**PROBLEM:**
Could you find each line of the data below that contains the word "finally" and copy those lines?

**EXERCISE INPUT:**
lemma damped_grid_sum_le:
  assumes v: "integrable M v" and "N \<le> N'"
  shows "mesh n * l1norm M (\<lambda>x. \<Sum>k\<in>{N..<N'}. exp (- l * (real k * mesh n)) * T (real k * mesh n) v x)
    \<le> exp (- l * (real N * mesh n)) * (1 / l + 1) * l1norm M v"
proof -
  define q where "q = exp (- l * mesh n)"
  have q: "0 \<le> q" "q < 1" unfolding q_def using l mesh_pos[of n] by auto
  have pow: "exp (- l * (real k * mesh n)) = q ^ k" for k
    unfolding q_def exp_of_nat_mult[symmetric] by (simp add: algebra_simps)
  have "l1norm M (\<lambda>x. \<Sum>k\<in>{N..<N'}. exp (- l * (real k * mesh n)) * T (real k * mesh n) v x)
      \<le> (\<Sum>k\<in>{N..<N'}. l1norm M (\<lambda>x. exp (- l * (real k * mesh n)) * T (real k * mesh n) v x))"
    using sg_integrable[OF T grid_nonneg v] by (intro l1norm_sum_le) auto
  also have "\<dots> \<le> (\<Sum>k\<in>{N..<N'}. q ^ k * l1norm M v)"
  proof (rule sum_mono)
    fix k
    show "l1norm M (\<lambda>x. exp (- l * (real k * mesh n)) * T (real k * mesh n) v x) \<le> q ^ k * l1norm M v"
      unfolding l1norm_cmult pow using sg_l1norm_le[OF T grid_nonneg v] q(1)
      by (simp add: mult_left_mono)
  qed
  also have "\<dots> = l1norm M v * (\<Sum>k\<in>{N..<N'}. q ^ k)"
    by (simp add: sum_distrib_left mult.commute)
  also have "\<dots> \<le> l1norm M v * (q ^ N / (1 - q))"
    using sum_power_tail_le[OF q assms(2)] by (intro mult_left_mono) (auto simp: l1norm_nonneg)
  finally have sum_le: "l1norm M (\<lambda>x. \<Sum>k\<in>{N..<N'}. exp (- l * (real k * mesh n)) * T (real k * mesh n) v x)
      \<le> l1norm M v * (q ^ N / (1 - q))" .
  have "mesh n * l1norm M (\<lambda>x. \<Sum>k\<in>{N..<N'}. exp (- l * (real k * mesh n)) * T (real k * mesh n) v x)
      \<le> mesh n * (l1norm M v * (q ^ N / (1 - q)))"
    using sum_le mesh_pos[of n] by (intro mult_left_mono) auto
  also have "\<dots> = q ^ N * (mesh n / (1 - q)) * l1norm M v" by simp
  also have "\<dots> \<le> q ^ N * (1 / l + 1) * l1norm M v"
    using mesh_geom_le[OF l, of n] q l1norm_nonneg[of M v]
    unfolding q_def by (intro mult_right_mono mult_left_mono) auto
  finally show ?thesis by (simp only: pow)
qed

**EXERCISE OUTPUT:**
  finally have sum_le: "l1norm M (\<lambda>x. \<Sum>k\<in>{N..<N'}. exp (- l * (real k * mesh n)) * T (real k * mesh n) v x)
  finally show ?thesis by (simp only: pow)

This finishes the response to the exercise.